The affective experience associated with music is commonly considered a key motive for engagement in musical activities (Juslin and Laukka, 2004). Music is often used in a constructive manner, to express emotion through composition and performance, or to evoke or regulate an emotional state through listening. The amount of research contributing to an understanding of emotional processes associated with music has increased considerably over the last few decades, most of which has focused especially on the expression and induction of musical emotions (Thompson, 2009). It has been suggested that the ability to perceive musical emotions may vary across individuals, just as recognition of emotional facial and vocal expressions has been found to vary according to individual differences (Palermo et al., 2013; Taruffi et al., 2017). Though many tests have been developed to detect such differences in facial and vocal recognition (Mayer et al., 2008), equivalent tests for musical emotion recognition are considerably less common. The current study therefore aims to establish a new measure of emotion discrimination using music in order to investigate whether differences in emotional, musical, and perceptual abilities may account for variation in the perception of musical emotions.

One factor of potential influence within musical emotion decoding is emotional intelligence (EI): the ability to categorize, express and regulate one’s emotions, as well as those of others (Salovey and Mayer, 1990). EI is typically separated into two constructs for the purpose of measurement; ability EI, measured using cognitive ability tests, and trait EI, assessed via self-report methods (Petrides et al., 2004). In keeping with a recent study of emotion decoding in music (Akkermans et al., 2018), a self-report measure of trait EI was used within the current research. Differences in recognition of emotion within speech prosody have been linked to EI (Trimmer and Cuddy, 2008), signifying the potential influence of EI on musical emotion decoding, especially when considering the strong evidence for a link between the communication of emotions in speech and music (Juslin and Laukka, 2003). This supposition is further endorsed by Resnicow et al. (2004), who found a positive correlation between EI and a test of emotion recognition in which participants rated basic emotions conveyed through piano pieces. Evidence therefore indicates that differences in EI may explain variation in music-perceived emotion.

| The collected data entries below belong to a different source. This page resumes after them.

theorem mainTheorem6:
  shows "
  \<comment> \<open>(a), K = R: n = 1 or n odd\<close>
  (\<forall>(P :: 'e::banach \<Rightarrow> 'f::banach) (m::nat) (n::nat) (k::nat).
     hpoly scaleR scaleR m P \<and> surj P \<and> (n = 1 \<or> odd n) \<longrightarrow>
     inj_on (Delta n P) (Pspace scaleR (*) k :: ('f \<Rightarrow> real) set)) \<and>
  \<comment> \<open>(a), K = C: n = 1\<close>
  (\<forall>(P :: 'ce::cbanach \<Rightarrow> 'cf::cbanach) (m::nat) (n::nat) (k::nat).
     hpoly cscale cscale m P \<and> surj P \<and> n = 1 \<longrightarrow>
     inj_on (Delta n P) (Pspace cscale (*) k :: ('cf \<Rightarrow> complex) set)) \<and>
  \<comment> \<open>(b), K = R\<close>
  (\<forall>(j :: 'g::banach \<Rightarrow> 'e) (k::nat).
     metric_surjection scaleR scaleR j \<longrightarrow>
     metric_injection (Pspace scaleR (*) k :: ('e \<Rightarrow> real) set) (Pspace scaleR (*) k) (Delta 1 j)) \<and>
  \<comment> \<open>(b), K = C\<close>
  (\<forall>(j :: 'cg::cbanach \<Rightarrow> 'ce) (k::nat).
     metric_surjection cscale cscale j \<longrightarrow>
     metric_injection (Pspace cscale (*) k :: ('ce \<Rightarrow> complex) set) (Pspace cscale (*) k) (Delta 1 j)) \<and>
  \<comment> \<open>(c), K = R\<close>
  (\<forall>(u :: 'e \<Rightarrow> 'f) (k::nat).
     (vec_iso scaleR scaleR u \<longrightarrow>
        lin_iso (Pspace scaleR (*) k :: ('f \<Rightarrow> real) set) (Pspace scaleR (*) k) (Delta 1 u) \<and>
        (\<forall>p \<in> (Pspace scaleR (*) k :: ('e \<Rightarrow> real) set).
           inv_into (Pspace scaleR (*) k) (Delta 1 u) p = Delta 1 (inv u) p)) \<and>
     (vec_isometric_iso scaleR scaleR u \<longrightarrow>
        isometric_iso (Pspace scaleR (*) k :: ('f \<Rightarrow> real) set) (Pspace scaleR (*) k) (Delta 1 u) \<and>
        (\<forall>p \<in> (Pspace scaleR (*) k :: ('e \<Rightarrow> real) set).
           inv_into (Pspace scaleR (*) k) (Delta 1 u) p = Delta 1 (inv u) p))) \<and>
  \<comment> \<open>(c), K = C\<close>
  (\<forall>(u :: 'ce \<Rightarrow> 'cf) (k::nat).
     (vec_iso cscale cscale u \<longrightarrow>
        lin_iso (Pspace cscale (*) k :: ('cf \<Rightarrow> complex) set) (Pspace cscale (*) k) (Delta 1 u) \<and>
        (\<forall>p \<in> (Pspace cscale (*) k :: ('ce \<Rightarrow> complex) set).
           inv_into (Pspace cscale (*) k) (Delta 1 u) p = Delta 1 (inv u) p)) \<and>
     (vec_isometric_iso cscale cscale u \<longrightarrow>
        isometric_iso (Pspace cscale (*) k :: ('cf \<Rightarrow> complex) set) (Pspace cscale (*) k) (Delta 1 u) \<and>
        (\<forall>p \<in> (Pspace cscale (*) k :: ('ce \<Rightarrow> complex) set).
           inv_into (Pspace cscale (*) k) (Delta 1 u) p = Delta 1 (inv u) p)))"
proof -
  note R = real_compatible_scaleR and C = real_compatible_cscale
  have inj_one: "inj (\<lambda>t::'k::monoid_mult. t ^ 1)" by simp
  have iso: "vec_isometric_iso sa sb u \<Longrightarrow> vec_iso sa sb u" for sa sb u
    by (simp add: vec_isometric_iso_def)
  show ?thesis
    by (intro conjI allI impI ballI; (elim conjE disjE)?)
      (blast intro: inj_on_Delta inj_odd_power_real inj_one odd_one metric_injection_Delta_one[OF _ R R] metric_injection_Delta_one[OF _ C C]
        lin_iso_Delta_one[OF _ R R] lin_iso_Delta_one[OF _ C C] isometric_iso_Delta_one[OF _ R R] isometric_iso_Delta_one[OF _ C C]
        Delta_one_inverse(2) iso)+
qed

end
lemma closed_segment_extension:
  fixes a y :: "'a::real_vector"
  assumes "s \<ge> 0"
  shows "a \<in> closed_segment y (a + s *\<^sub>R (a - y))"
proof -
  define u where "u = 1 / (1 + s)"
  have "u * (1 + s) = 1"
    using assms by (simp add: u_def)
  then have "a = (1 - u) *\<^sub>R y + u *\<^sub>R (a + s *\<^sub>R (a - y))"
    by (simp add: algebra_simps flip: scaleR_add_left)
  moreover have "0 \<le> u" "u \<le> 1"
    using assms by (auto simp: u_def)
  ultimately show ?thesis
    unfolding closed_segment_def by blast
qed

lemma closed_segment_truncate:
  fixes a b c y :: "'a::euclidean_space"
  assumes "a \<in> closed_segment y b" "c \<in> closed_segment a b"
  shows "a \<in> closed_segment y c"
proof -
  have "c \<in> closed_segment y b"
    using assms closed_segment_subset[of a "closed_segment y b" b] by auto
  then show ?thesis
    using between_swap[of y b a c] assms by (simp add: between_mem_segment)
qed

lemma extreme_point_extension_notin:
  assumes "a extreme_point_of C" "y \<in> C" "y \<noteq> a" "s > 0"
  shows "a + s *\<^sub>R (a - y) \<notin> C"
proof
  assume "a + s *\<^sub>R (a - y) \<in> C"
  moreover have "a \<in> open_segment y (a + s *\<^sub>R (a - y))"
    using closed_segment_extension[of s a y] assms(3,4) by (simp add: open_segment_def)
  ultimately show False
    using assms(1,2) by (auto simp: extreme_point_of_def)
qed

lemma exiting_segment_near_extreme_point:
  fixes C :: "'a::euclidean_space set"
  assumes "convex C" "closed C" "interior C \<noteq> {}"
    and "a extreme_point_of C" "y \<in> C" "y \<noteq> a" "\<epsilon> > 0"
  obtains c0 b where "c0 \<in> interior C" "b \<in> frontier C" "c0 \<in> closed_segment y b"
    "closed_segment c0 b \<subseteq> ball a \<epsilon>"
proof -
  define s where "s = \<epsilon> / (2 * norm (a - y))"
  define f where "f x = x + s *\<^sub>R (x - y)" for x
  have "s > 0"
    using assms(6,7) by (simp add: s_def)
  have "dist a (f a) < \<epsilon>"
    using assms(6,7) by (simp add: f_def s_def dist_norm)
  moreover have "f a \<notin> C"
    unfolding f_def using extreme_point_extension_notin[OF assms(4-6) \<open>s > 0\<close>] .
  ultimately have "f a \<in> ball a \<epsilon> - C"
    by simp
  moreover have "continuous (at a) f"
    unfolding f_def by (intro continuous_intros)
  ultimately obtain V where V: "open V" "a \<in> V" "\<And>x. x \<in> V \<Longrightarrow> f x \<in> ball a \<epsilon> - C"
    using \<open>closed C\<close> by (metis continuous_at_open open_Diff open_ball)
  have "a \<in> closure (interior C)"
    using assms(1,3,4) convex_closure_interior closure_subset by (auto simp: extreme_point_of_def)
  with V(2) assms(7) have "a \<in> V \<inter> ball a \<epsilon> \<inter> closure (interior C)"
    by simp
  then have "V \<inter> ball a \<epsilon> \<inter> interior C \<noteq> {}"
    using open_Int_closure_eq_empty[OF open_Int[OF V(1) open_ball]] by blast
  then obtain c0 where c0: "c0 \<in> V" "c0 \<in> ball a \<epsilon>" "c0 \<in> interior C"
    by blast
  have "closed_segment c0 (f c0) \<inter> frontier C \<noteq> {}"
    using c0 V(3) interior_subset by (intro connected_Int_frontier) auto
  then obtain b where b: "b \<in> closed_segment c0 (f c0)" "b \<in> frontier C"
    by blast
  have "c0 \<in> closed_segment y (f c0)"
    unfolding f_def using \<open>s > 0\<close> by (simp add: closed_segment_extension)
  then have "c0 \<in> closed_segment y b"
    using b(1) by (rule closed_segment_truncate)
  moreover have "closed_segment c0 b \<subseteq> ball a \<epsilon>"
    using b(1) c0 V(3) by (meson closed_segment_subset convex_ball ends_in_segment(1) DiffD1 subsetD)
  ultimately show ?thesis
    using that c0(3) b(2) by blast
qed

lemma legendre_grad_unbounded_on_segment:
  assumes "legendre C h" "c0 \<in> interior C" "b \<in> frontier C"
  obtains c where "c \<in> open_segment c0 b" "N \<le> norm (grad h c)"
proof -
  have "open_segment c0 b \<subseteq> interior C"
    using assms by (intro in_interior_closure_convex_segment) (auto simp: legendre_def frontier_def)
  moreover have "\<forall>\<^sub>F x in at b within interior C. N \<le> norm (grad h x)"
    using assms(1,3) by (auto simp: legendre_def filterlim_at_top)
  ultimately obtain d where d: "d > 0"
    "\<And>x. x \<in> open_segment c0 b \<Longrightarrow> x \<noteq> b \<Longrightarrow> dist x b < d \<Longrightarrow> N \<le> norm (grad h x)"
    by (auto simp: eventually_at)
  have "c0 \<noteq> b"
    using assms(2,3) by (auto simp: frontier_def)
  moreover have "open_segment c0 b - {b} = open_segment c0 b"
    by (simp add: open_segment_def)
  ultimately have "b islimpt open_segment c0 b"
    by (simp add: islimpt_in_closure)
  then obtain c where "c \<in> open_segment c0 b" "c \<noteq> b" "dist c b < d"
    using d(1) by (auto simp: islimpt_approachable)
  then show ?thesis
    using that d(2) by blast
qed

lemma legendre_bregman_unbounded_on_segment:
  assumes "legendre C h" "c0 \<in> interior C" "b \<in> frontier C" "c0 \<in> closed_segment y b"
    and "r > 0" "cball c0 r \<subseteq> C" "\<forall>x\<in>cball c0 r \<union> open_segment c0 b. \<bar>h x\<bar> \<le> M"
    and "K > 0"
  obtains c where "c \<in> open_segment c0 b" "K \<le> bregman h y c"
proof -
  obtain c where c: "c \<in> open_segment c0 b"
    and large: "(K + 2 * M + \<bar>h y\<bar>) / r \<le> norm (grad h c)"
    using legendre_grad_unbounded_on_segment[OF assms(1-3)] .
  have "c \<in> interior C"
    using c assms(1-3) in_interior_closure_convex_segment by (fastforce simp: legendre_def frontier_def)
  have "\<bar>h c\<bar> \<le> M"
    using assms(7) c by blast
  have "K + 2 * M + \<bar>h y\<bar> \<le> r * norm (grad h c)"
    using large \<open>r > 0\<close> by (simp add: field_simps)
  moreover have "h y - M + r * norm (grad h c) \<le> bregman h y c"
  proof (rule bregman_ge_of_bounded_ball)
    show "convex_on C h" "h differentiable (at c)"
      using \<open>legendre C h\<close> \<open>c \<in> interior C\<close> by (auto simp: legendre_def)
    show "c0 \<in> closed_segment y c"
      using assms(4) c segment_open_subset_closed by (blast intro: closed_segment_truncate)
    show "M < h c + r * norm (grad h c)"
      using calculation \<open>\<bar>h c\<bar> \<le> M\<close> \<open>K > 0\<close> by linarith
    show "\<forall>z\<in>cball c0 r. h z \<le> M"
      using assms(7) by force
  qed (use \<open>c \<in> interior C\<close> interior_subset assms(5,6) in auto)
  ultimately have "K \<le> bregman h y c"
    using \<open>\<bar>h c\<bar> \<le> M\<close> by linarith
  with c show ?thesis
    by (rule that)
qed

theorem lemma2:
  fixes C :: "'a::euclidean_space set" and h :: "'a \<Rightarrow> real"
    and a y :: 'a and \<epsilon> K :: real
  assumes "convex C" and "closed C" and "interior C \<noteq> {}"
    and "legendre C h"
    and "continuous_on C h"
    and condB: "\<And>xs z. (\<forall>k. xs k \<in> interior C) \<Longrightarrow> z \<in> C \<Longrightarrow> xs \<longlonglongrightarrow> z \<Longrightarrow>
                  (\<lambda>k. bregman h z (xs k)) \<longlonglongrightarrow> 0"
    and "a \<in> frontier C" and "a extreme_point_of C"
    and "y \<in> C" and "y \<noteq> a"
    and "\<epsilon> > 0" and "K > 0"
  shows "\<exists>c\<in>interior C. norm (c - a) \<le> \<epsilon> \<and> bregman h y c \<ge> K"
proof -
  have "compact (h ` (C \<inter> cball a \<epsilon>))"
    using \<open>continuous_on C h\<close> \<open>closed C\<close>
    by (intro compact_continuous_image) (auto intro: continuous_on_subset compact_Int_closed)
  then obtain M where M: "\<forall>x\<in>C \<inter> cball a \<epsilon>. \<bar>h x\<bar> \<le> M"
    by (metis bounded_real compact_imp_bounded image_eqI)
  obtain c0 b where c0: "c0 \<in> interior C" and b: "b \<in> frontier C"
    and "c0 \<in> closed_segment y b" and near_a: "closed_segment c0 b \<subseteq> ball a \<epsilon>"
    using exiting_segment_near_extreme_point assms(1-3,8-11) .
  have segment_inside: "open_segment c0 b \<subseteq> interior C \<inter> ball a \<epsilon>"
    using in_interior_closure_convex_segment[OF \<open>convex C\<close> c0] b near_a segment_open_subset_closed[of c0 b]
    by (auto simp: frontier_def)
  have "c0 \<in> interior C \<inter> ball a \<epsilon>"
    using c0 near_a by auto
  then obtain r where "r > 0" and r: "cball c0 r \<subseteq> interior C \<inter> ball a \<epsilon>"
    by (meson open_contains_cball open_Int open_interior open_ball)
  have "cball c0 r \<subseteq> C"
    using r interior_subset by blast
  moreover have "\<forall>x\<in>cball c0 r \<union> open_segment c0 b. \<bar>h x\<bar> \<le> M"
    using M r segment_inside interior_subset by fastforce
  ultimately obtain c where "c \<in> open_segment c0 b" "K \<le> bregman h y c"
    using legendre_bregman_unbounded_on_segment \<open>legendre C h\<close> c0 b \<open>c0 \<in> closed_segment y b\<close>
      \<open>r > 0\<close> \<open>K > 0\<close> by blast
  then show ?thesis
    using segment_inside by (force simp: dist_norm norm_minus_commute)
qed

end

One relevant component of EI of is emotional contagion (EC) (Salovey and Mayer, 1990), which refers to ones’ tendency to be influenced by, or unconsciously mimic, others’ emotional states (Doherty, 1997). EC has mostly been investigated in relation to facial expression (Juslin and Västfjäll, 2008); for example, one study examined facial muscle responses to videos of emotional singing and found that participants tended to unconsciously imitate the emotional facial expression of the singer (Chan et al., 2013). Though less prevalent in the literature, there are also reports of contagion from vocal expression (e.g., Neumann and Strack, 2000). On account of such evidence, as well as the aforementioned notion that music’s emotional quality may be derived from its similarities to vocal expression (Juslin and Laukka, 2003), it has been speculated that EC may occur in music listening through the internal mimicking of a perceived expression (Juslin et al., 2009). This is backed up by neuroimaging research conducted by Koelsch et al. (2006); when participants were exposed to music, activation was found within areas of the mirror-neuron system which have been linked with vocal production, thought to represent the mimicking of emotions expressed by music (Juslin and Västfjäll, 2008). Such evidence indicates that EC may contribute to the categorization of emotions in music.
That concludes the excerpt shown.